A Practical Guide to creating your own Stewardship License

We wrote this guide as part of Mozilla's Data Futures Lab.

Preface

It's impractical to make a License that works for every community and every context. Instead, we provide some principles, values, and examples to guide people to develop their own licenses to serve the purpose of the communities the licenses are meant to protect.

Open technologies and open data are incredibly important for creating a fair and just society and preventing centralization of power. Unfortunately, many marginalized communities don't have the resources that enable them to benefit from open. Furthermore, the concentration of wealth by a few individuals, corporations, and nations have given the wealthy an unprecedented scale to take advantage of open data and open technologies to further centralize and grow their wealth and power.
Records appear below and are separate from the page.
text \<open>Each \<open>X\<^sub>m\<close> is a clique, since two nonadjacent vertices of
\<open>X\<^sub>m\<close> would form a claw with \<open>c m\<close> and its other neighbour on
the cycle. A vertex outside \<open>X\<^sub>m\<close> has at most one neighbour in
\<open>X\<^sub>m\<close>: two neighbours would give a \<open>K\<^sub>5 - e\<close> if its own
set is next to \<open>X\<^sub>m\<close> on the cycle, and a \<open>P\<^sub>5\<close>-twin if it
is two steps away. Moreover, among representatives of three consecutive sets some two are
adjacent, since otherwise together with \<open>c (i + 4)\<close> they form a
\<open>4K\<^sub>1\<close>. Now if \<open>|X\<^sub>j| \<ge> 3\<close> and \<open>u \<in>
X\<^sub>k\<close>, \<open>w \<in> X\<^sub>l\<close> were nonadjacent, each of three vertices of
\<open>X\<^sub>j\<close> would be adjacent to \<open>u\<close> or to \<open>w\<close>, while
each of \<open>u\<close>, \<open>w\<close> sees at most one of them. So
\<open>X\<^sub>k\<close> is complete to \<open>X\<^sub>l\<close>, and a single vertex of
\<open>X\<^sub>l\<close> then sees all of \<open>X\<^sub>k\<close>, whence \<open>|X\<^sub>k| =
1\<close>.\<close>

lemma has_induced_of_list:
  assumes "distinct vs" "set vs \<subseteq> V" "length vs = n"
    and "\<forall>a<n. \<forall>b<n. E (vs ! a) (vs ! b) \<longleftrightarrow> H a b"
  shows "has_induced V E n H"
  unfolding has_induced_def
proof (intro exI conjI)
  show "inj_on ((!) vs) {..<n}" using assms by (auto intro: inj_on_nth)
qed (use assms in auto)

lemma in_class_C_sym: "in_class_C V E \<Longrightarrow> E a b \<longleftrightarrow> E b a"
  unfolding in_class_C_def graph_def by blast

lemma in_class_C_irrefl: "in_class_C V E \<Longrightarrow> \<not> E a a"
  unfolding in_class_C_def graph_def by blast

lemma in_class_C_no_claw:
  assumes G: "in_class_C V E" and "distinct [a, b, c, d]" "set [a, b, c, d] \<subseteq> V"
    and "E a b" "E a c" "E a d" "\<not> E b c" "\<not> E b d" "\<not> E c d"
  shows False
proof -
  have "has_induced V E 4 claw"
    by (rule has_induced_of_list[of "[a, b, c, d]"])
      (use assms in \<open>simp_all add: claw_def sym_edges_def All_less_Suc eval_nat_numeral
          in_class_C_sym[OF G] in_class_C_irrefl[OF G]\<close>)
  with G show False by (simp add: in_class_C_def)
qed

lemma in_class_C_no_4K1:
  assumes G: "in_class_C V E" and "distinct [a, b, c, d]" "set [a, b, c, d] \<subseteq> V"
    and "\<not> E a b" "\<not> E a c" "\<not> E a d" "\<not> E b c" "\<not> E b d" "\<not> E c d"
  shows False
proof -
  have "has_induced V E 4 fourK1"
    by (rule has_induced_of_list[of "[a, b, c, d]"])
      (use assms in \<open>simp_all add: fourK1_def sym_edges_def All_less_Suc eval_nat_numeral
          in_class_C_sym[OF G] in_class_C_irrefl[OF G]\<close>)
  with G show False by (simp add: in_class_C_def)
qed

lemma in_class_C_no_K5_minus_e:
  assumes G: "in_class_C V E" and "distinct [a, b, c, d, e]" "set [a, b, c, d, e] \<subseteq> V"
    and "E a c" "E a d" "E a e" "E b c" "E b d" "E b e" "E c d" "E c e" "E d e" "\<not> E a b"
  shows False
proof -
  have "has_induced V E 5 K5_minus_e"
    by (rule has_induced_of_list[of "[a, b, c, d, e]"])
      (use assms in \<open>simp_all add: K5_minus_e_def sym_edges_def All_less_Suc eval_nat_numeral
          in_class_C_sym[OF G] in_class_C_irrefl[OF G]\<close>)
  with G show False by (simp add: in_class_C_def)
qed

lemma in_class_C_no_P5_twin:
  assumes G: "in_class_C V E" and "distinct [a, b, c, d, e, f]" "set [a, b, c, d, e, f] \<subseteq> V"
    and "E a b" "E b c" "E c d" "E d e" "E f b" "E f c" "E f d"
    and "\<not> E a c" "\<not> E a d" "\<not> E a e" "\<not> E a f" "\<not> E b d" "\<not> E b e" "\<not> E c e" "\<not> E e f"
  shows False
proof -
  have "has_induced V E 6 P5_twin"
    by (rule has_induced_of_list[of "[a, b, c, d, e, f]"])
      (use assms in \<open>simp_all add: P5_twin_def sym_edges_def All_less_Suc eval_nat_numeral
          in_class_C_sym[OF G] in_class_C_irrefl[OF G]\<close>)
  with G show False by (simp add: in_class_C_def)
qed

lemma induced_C5_adj:
  "induced_C5 V E c \<Longrightarrow> i < 5 \<Longrightarrow> j < 5 \<Longrightarrow>
    E (c i) (c j) \<longleftrightarrow> j = (i + 1) mod 5 \<or> i = (j + 1) mod 5"
  unfolding induced_C5_def by blast

lemma induced_C5_eq_iff: "induced_C5 V E c \<Longrightarrow> i < 5 \<Longrightarrow> j < 5 \<Longrightarrow> c i = c j \<longleftrightarrow> i = j"
  unfolding induced_C5_def inj_on_def by blast

lemma induced_C5_in_V: "induced_C5 V E c \<Longrightarrow> i < 5 \<Longrightarrow> c i \<in> V"
  unfolding induced_C5_def by blast

lemmas induced_C5_simps = induced_C5_adj induced_C5_eq_iff induced_C5_in_V

lemma Xset_mod: "Xset V E c (m mod 5) = Xset V E c m"
  unfolding Xset_def by (simp add: mod_Suc_eq)

lemma Xset_in_V: "v \<in> Xset V E c m \<Longrightarrow> v \<in> V"
  unfolding Xset_def by blast

lemma Xset_not_on_cycle: "v \<in> Xset V E c m \<Longrightarrow> n < 5 \<Longrightarrow> c n \<noteq> v"
  unfolding Xset_def by blast

lemma Xset_adj:
  assumes C: "induced_C5 V E c" and v: "v \<in> Xset V E c m" and n: "n < 5"
  shows "E v (c n) \<longleftrightarrow> n = m mod 5 \<or> n = (m + 1) mod 5"
proof -
  have "E v (c n) \<longleftrightarrow> c n \<in> {c (m mod 5), c ((m + 1) mod 5)}"
    using v n unfolding Xset_def by blast
  also have "\<dots> \<longleftrightarrow> n = m mod 5 \<or> n = (m + 1) mod 5"
    using induced_C5_eq_iff[OF C] n by auto
  finally show ?thesis .
qed

lemma Xset_cycle_simps:
  assumes G: "in_class_C V E" and C: "induced_C5 V E c" and v: "v \<in> Xset V E c m" and n: "n < 5"
  shows "E v (c n) \<longleftrightarrow> n = m mod 5 \<or> n = (m + 1) mod 5"
    and "E (c n) v \<longleftrightarrow> n = m mod 5 \<or> n = (m + 1) mod 5"
    and "v \<noteq> c n" and "c n \<noteq> v"
  using Xset_adj[OF C v n] in_class_C_sym[OF G] Xset_not_on_cycle[OF v n] by auto

lemma mod5_not_mutual_succ:
  assumes "(m::nat) mod 5 = (m' + 1) mod 5" "m' mod 5 = (m + 1) mod 5"
  shows False
proof -
  have "m mod 5 = (m' mod 5 + 1) mod 5"
    using assms(1) by (simp only: mod_add_left_eq)
  also have "\<dots> = ((m + 1) mod 5 + 1) mod 5"
    using assms(2) by (simp only:)
  also have "\<dots> = (m mod 5 + 2) mod 5"
    by (simp only: mod_add_left_eq add.assoc one_add_one)
  finally have "m mod 5 = (m mod 5 + 2) mod 5" .
  moreover have "m mod 5 = 0 \<or> m mod 5 = 1 \<or> m mod 5 = 2 \<or> m mod 5 = 3 \<or> m mod 5 = 4"
    by arith
  ultimately show False by auto
qed

lemma Xset_disjoint:
  assumes C: "induced_C5 V E c" and "m mod 5 \<noteq> m' mod 5"
    and v: "v \<in> Xset V E c m" and w: "w \<in> Xset V E c m'"
  shows "v \<noteq> w"
proof
  assume "v = w"
  then have "m mod 5 = (m' + 1) mod 5" "m' mod 5 = (m + 1) mod 5"
    using Xset_adj[OF C v, of "m mod 5"] Xset_adj[OF C w, of "m mod 5"]
      Xset_adj[OF C v, of "m' mod 5"] Xset_adj[OF C w, of "m' mod 5"] assms(2) by auto
  then show False by (rule mod5_not_mutual_succ)
qed

definition rotate_C5 :: "nat \<Rightarrow> (nat \<Rightarrow> 'a) \<Rightarrow> nat \<Rightarrow> 'a" where
  "rotate_C5 r c n = c ((n + r) mod 5)"

lemma mod_add_right_cancel_nat: "(a + r) mod n = (b + r) mod n \<longleftrightarrow> a mod n = (b::nat) mod n"
  using cong_add_rcancel_nat unfolding cong_def .

lemma inj_on_mod5_shift: "inj_on (\<lambda>n. (n + r) mod 5) {..<5::nat}"
  by (rule inj_onI) (simp add: mod_add_right_cancel_nat)

lemma mod5_shift_image: "(\<lambda>n. (n + r) mod 5) ` {..<5::nat} = {..<5}"
  by (intro endo_inj_surj inj_on_mod5_shift) auto

lemma rotate_C5_image: "rotate_C5 r c ` {..<5} = c ` {..<5}"
  using mod5_shift_image unfolding rotate_C5_def by (metis image_image)

lemma induced_C5_rotate:
  assumes C: "induced_C5 V E c"
  shows "induced_C5 V E (rotate_C5 r c)"
  unfolding induced_C5_def
proof (intro conjI allI impI)
  have "inj_on c ((\<lambda>n. (n + r) mod 5) ` {..<5})"
    using C unfolding induced_C5_def by (auto intro: inj_on_subset)
  with inj_on_mod5_shift show "inj_on (rotate_C5 r c) {..<5}"
    unfolding rotate_C5_def using comp_inj_on[unfolded comp_def] by blast
  show "rotate_C5 r c ` {..<5} \<subseteq> V"
    using C unfolding rotate_C5_image induced_C5_def by blast
  fix i j :: nat assume "i < 5" "j < 5"
  have shift: "((k + r) mod 5 + 1) mod 5 = (k + 1 + r) mod 5" for k
    by (simp add: mod_simps mod_Suc_eq ac_simps)
  have "E (rotate_C5 r c i) (rotate_C5 r c j)
      \<longleftrightarrow> (j + r) mod 5 = (i + 1 + r) mod 5 \<or> (i + r) mod 5 = (j + 1 + r) mod 5"
    using induced_C5_adj[OF C, of "(i + r) mod 5" "(j + r) mod 5"]
    unfolding rotate_C5_def shift by simp
  also have "\<dots> \<longleftrightarrow> j mod 5 = (i + 1) mod 5 \<or> i mod 5 = (j + 1) mod 5"
    by (simp only: mod_add_right_cancel_nat)
  finally show "E (rotate_C5 r c i) (rotate_C5 r c j) \<longleftrightarrow> j = (i + 1) mod 5 \<or> i = (j + 1) mod 5"
    using \<open>i < 5\<close> \<open>j < 5\<close> by simp
qed

lemma Xset_rotate_C5: "Xset V E (rotate_C5 r c) m = Xset V E c (m + r)"
proof -
  have "rotate_C5 r c (m mod 5) = c ((m + r) mod 5)"
    and "rotate_C5 r c ((m + 1) mod 5) = c ((m + r + 1) mod 5)"
    unfolding rotate_C5_def by (simp_all add: mod_simps mod_Suc_eq ac_simps)
  then show ?thesis
    unfolding Xset_def rotate_C5_image by simp
qed

lemma Xset_0_clique:
  assumes G: "in_class_C V E" and C: "induced_C5 V E c"
    and x: "x \<in> Xset V E c 0" and x': "x' \<in> Xset V E c 0" and "x \<noteq> x'"
  shows "E x x'"
proof (rule ccontr)
  assume "\<not> E x x'"
  show False
    by (rule in_class_C_no_claw[OF G, of "c 0" "c 4" x x'])
      (use assms \<open>\<not> E x x'\<close> Xset_in_V[OF x] Xset_in_V[OF x'] in
        \<open>simp_all add: induced_C5_simps[OF C] Xset_cycle_simps[OF G C x] Xset_cycle_simps[OF G C x']\<close>)
qed

lemma Xset_0_unique_neighbour:
  assumes G: "in_class_C V E" and C: "induced_C5 V E c" and n: "n \<in> {1, 2, 3, 4}"
    and v: "v \<in> Xset V E c n" and x: "x \<in> Xset V E c 0" and x': "x' \<in> Xset V E c 0"
    and "x \<noteq> x'" and "E v x" and "E v x'"
  shows False
proof -
  have clique: "E x x'" by (rule Xset_0_clique[OF G C x x' \<open>x \<noteq> x'\<close>])
  have distinct: "v \<noteq> x" "v \<noteq> x'"
    using n Xset_disjoint[OF C _ v x] Xset_disjoint[OF C _ v x'] by auto
  note facts = clique distinct Xset_in_V[OF v] Xset_in_V[OF x] Xset_in_V[OF x'] assms(7-9)
  note rules = in_class_C_sym[OF G] induced_C5_simps[OF C]
    Xset_cycle_simps[OF G C v] Xset_cycle_simps[OF G C x] Xset_cycle_simps[OF G C x']
  from n show False
  proof (elim insertE emptyE)
    assume "n = 1"
    show False
      by (rule in_class_C_no_K5_minus_e[OF G, of v "c 0" "c 1" x x'])
        (use facts \<open>n = 1\<close> in \<open>simp_all add: rules\<close>)
  next
    assume "n = 2"
    show False
      by (rule in_class_C_no_P5_twin[OF G, of "c 4" "c 0" x v "c 2" x'])
        (use facts \<open>n = 2\<close> in \<open>simp_all add: rules\<close>)
  next
    assume "n = 3"
    show False
      by (rule in_class_C_no_P5_twin[OF G, of "c 2" "c 1" x v "c 4" x'])
        (use facts \<open>n = 3\<close> in \<open>simp_all add: rules\<close>)
  next
    assume "n = 4"
    show False
      by (rule in_class_C_no_K5_minus_e[OF G, of v "c 1" "c 0" x x'])
        (use facts \<open>n = 4\<close> in \<open>simp_all add: rules\<close>)
  qed
qed

lemma Xset_unique_neighbour:
  assumes G: "in_class_C V E" and C: "induced_C5 V E c" and "m mod 5 \<noteq> n mod 5"
    and v: "v \<in> Xset V E c n" and x: "x \<in> Xset V E c m" and x': "x' \<in> Xset V E c m"
    and "E v x" and "E v x'"
  shows "x = x'"
proof (rule ccontr)
  assume "x \<noteq> x'"
  have "n mod 5 \<in> (\<lambda>k. (k + m) mod 5) ` {..<5}"
    unfolding mod5_shift_image by simp
  then obtain t where t: "t < 5" "(t + m) mod 5 = n mod 5"
    by (auto elim: imageE)
  with \<open>m mod 5 \<noteq> n mod 5\<close> have "t \<noteq> 0" by (metis add_0)
  with \<open>t < 5\<close> have "t = 1 \<or> t = 2 \<or> t = 3 \<or> t = 4" by arith
  then have "t \<in> {1, 2, 3, 4}" by simp
  moreover have "v \<in> Xset V E (rotate_C5 m c) t"
    using v Xset_mod[of V E c n] unfolding Xset_rotate_C5 t(2)[symmetric] Xset_mod by simp
  moreover have "x \<in> Xset V E (rotate_C5 m c) 0" "x' \<in> Xset V E (rotate_C5 m c) 0"
    using x x' unfolding Xset_rotate_C5 by simp_all
  ultimately show False
    using Xset_0_unique_neighbour[OF G induced_C5_rotate[OF C]] \<open>x \<noteq> x'\<close> assms(7,8) by blast
qed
Marginalized communities should understand the risks of adopting open licenses. Instead, they are encouraged to create their own licenses using this document as a guide.

Values & Principles

There should be a clear understanding of the values and principles that represent a community before deciding on or creating a license for that community. As Te Hiku Media are a Māori organization, we can share some of the principles of Māori Data Sovereignty, most of which have universal application.

Māori Data Sovereignty Principles

Te Mana Raraunga, the Māori Data Sovereignty Network, have a helpful and concise document on Māori Data Sovereignty principles. We summarize those principles below and offer examples for each.

RANGATIRATANGA - The Licensee has an inherent right to exercise control over its own data. This is the right to self determination, or sovereignty in general. An example of implementing this principle is giving users the option to opt-in rather than opt-out of data sharing practices.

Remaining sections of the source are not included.